Failure and fracture in adhesively bonded 3D-printed joints: An overview on the current trends

Abstract

Additive manufacturing (AM) as an innovative technique with favourable and unique solutions in fabricating complex products, is being widely used in diverse applications. AM, also known as three-dimensional (3D) printing technology was introduced for fabrication of prototypes, and currently its applications have been widely extended to production of end-used products too. As a result, mechanical strength of 3D-printed parts, and specially joints with 3D-printed substrates (adherends) gain considerable significance. This review attempts to comprehensively summarise recent advancements in failure and fracture of adhesively bonded joints with 3D-printed polymeric adherends.
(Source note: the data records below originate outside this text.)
lemma tendsto_infsum_exp_decay:
  fixes h :: "'a \<Rightarrow> real" and c :: "'a \<Rightarrow> 'b :: banach"
  assumes "finite M" and c_bounded: "\<And>v. norm (c v) \<le> 1"
    and summable: "(\<lambda>v. exp (- h v)) summable_on UNIV"
    and h_M: "\<And>v. v \<in> M \<Longrightarrow> h v = 0" and h_gap: "\<And>v. v \<notin> M \<Longrightarrow> h v \<ge> \<delta>" and "\<delta> > 0"
  shows "((\<lambda>t. \<Sum>\<^sub>\<infinity>v. exp (- t * h v) *\<^sub>R c v) \<longlongrightarrow> (\<Sum>v\<in>M. c v)) at_top"
proof -
  define F where "F t v = exp (- t * h v) *\<^sub>R c v" for t v
  have summable_tail: "(\<lambda>v. exp (- h v)) summable_on -M"
    using summable_on_subset_banach[OF summable] by blast
  define C where "C = (\<Sum>\<^sub>\<infinity>v\<in>-M. exp (- h v))"
  have tail_abs_summable: "F t abs_summable_on -M" if "t \<ge> 1" for t
    unfolding F_def
    by (rule abs_summable_on_exp_decay[where \<delta> = \<delta>]) (use c_bounded summable_tail h_gap that in auto)
  have tail_bound: "norm (\<Sum>\<^sub>\<infinity>v\<in>-M. F t v) \<le> exp (- (t - 1) * \<delta>) * C" if "t \<ge> 1" for t
    unfolding F_def C_def
    by (rule norm_infsum_exp_decay_le) (use c_bounded summable_tail h_gap that in auto)
  have "((\<lambda>t. exp (- (t - 1) * \<delta>) * C) \<longlongrightarrow> 0) at_top"
    using \<open>\<delta> > 0\<close> by real_asymp
  then have tail_tendsto: "((\<lambda>t. \<Sum>\<^sub>\<infinity>v\<in>-M. F t v) \<longlongrightarrow> 0) at_top"
    by (rule Lim_null_comparison[rotated]) (use tail_bound in \<open>auto simp: eventually_at_top_linorder\<close>)
  have split: "(\<Sum>\<^sub>\<infinity>v. F t v) = (\<Sum>v\<in>M. c v) + (\<Sum>\<^sub>\<infinity>v\<in>-M. F t v)" if "t \<ge> 1" for t
  proof -
    have "(\<Sum>\<^sub>\<infinity>v. F t v) = (\<Sum>\<^sub>\<infinity>v\<in>M. F t v) + (\<Sum>\<^sub>\<infinity>v\<in>-M. F t v)"
      using infsum_Un_disjoint[of "F t" M "-M"] \<open>finite M\<close> abs_summable_summable[OF tail_abs_summable[OF that]]
      by (simp add: Un_commute)
    then show ?thesis
      using \<open>finite M\<close> by (simp add: F_def h_M)
  qed
  have "((\<lambda>t. (\<Sum>v\<in>M. c v) + (\<Sum>\<^sub>\<infinity>v\<in>-M. F t v)) \<longlongrightarrow> (\<Sum>v\<in>M. c v)) at_top"
    using tendsto_add[OF tendsto_const tail_tendsto] by simp
  then show ?thesis
    unfolding F_def[symmetric]
    by (rule Lim_transform_eventually) (use split in \<open>auto simp: eventually_at_top_linorder intro!: exI[of _ 1]\<close>)
qed

definition Qr :: "real \<times> real \<Rightarrow> real" where
  "Qr x = fst x ^ 2 + fst x * snd x + 4 * snd x ^ 2"

definition rvec_of_int :: "int \<times> int \<Rightarrow> real \<times> real" where
  "rvec_of_int v = (of_int (fst v), of_int (snd v))"

definition rvec_of_rat :: "rat \<times> rat \<Rightarrow> real \<times> real" where
  "rvec_of_rat v = (of_rat (fst v), of_rat (snd v))"

definition cvec :: "real \<times> real \<Rightarrow> complex \<times> complex" where
  "cvec x = (of_real (fst x), of_real (snd x))"

lemma Qr_completed_square: "Qr x = (fst x + snd x / 2) ^ 2 + 15 / 4 * snd x ^ 2"
  by (simp add: Qr_def power2_eq_square field_simps)

lemma Qr_ge_half_sum_squares: "Qr x \<ge> (fst x ^ 2 + snd x ^ 2) / 2"
proof -
  have "Qr x - (fst x ^ 2 + snd x ^ 2) / 2 = (fst x + snd x) ^ 2 / 2 + 3 * snd x ^ 2"
    by (simp add: Qr_def power2_eq_square field_simps)
  moreover have "(fst x + snd x) ^ 2 / 2 + 3 * snd x ^ 2 \<ge> 0"
    by simp
  ultimately show ?thesis
    by linarith
qed

lemma power2_of_int_add_ge:
  fixes x :: real
  shows "(of_int n + x) ^ 2 \<ge> \<bar>of_int n\<bar> / 2 - x ^ 2"
proof -
  have "\<bar>n\<bar> \<le> n ^ 2"
  proof (cases "n = 0")
    case False
    then have "\<bar>n\<bar> * 1 \<le> \<bar>n\<bar> * \<bar>n\<bar>"
      by (intro mult_left_mono) auto
    then show ?thesis
      by (simp add: power2_eq_square)
  qed simp
  then have "\<bar>of_int n\<bar> \<le> (of_int n :: real) ^ 2"
    by (metis of_int_abs of_int_le_iff of_int_power)
  moreover have "(of_int n) ^ 2 / 2 \<le> (of_int n + x) ^ 2 + x ^ 2"
    using zero_le_power2[of "of_int n + 2 * x"] by (simp add: power2_eq_square algebra_simps)
  ultimately show ?thesis
    by linarith
qed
To this aim, we have reviewed experimental studies, which investigate effects of adhesive and printing parameters on the failure of 3D-printed adhesive joints. In addition, different approaches to strength improvement of 3D-printed adhesive joints are reviewed and discussed. Since computational finite element models (FEM) can provide a profound knowledge about the stress and force transition between adhesive layers and 3D-printed adherends, an overview on different FEM approaches in the field has been presented. The documented data can be used not only for comparison, failure analysis, and improvement of 3D-printed adhesive joints, but also is beneficial for the future research and further studies in fabrication of a 3D-printed joint with a superior structural performance and integrity.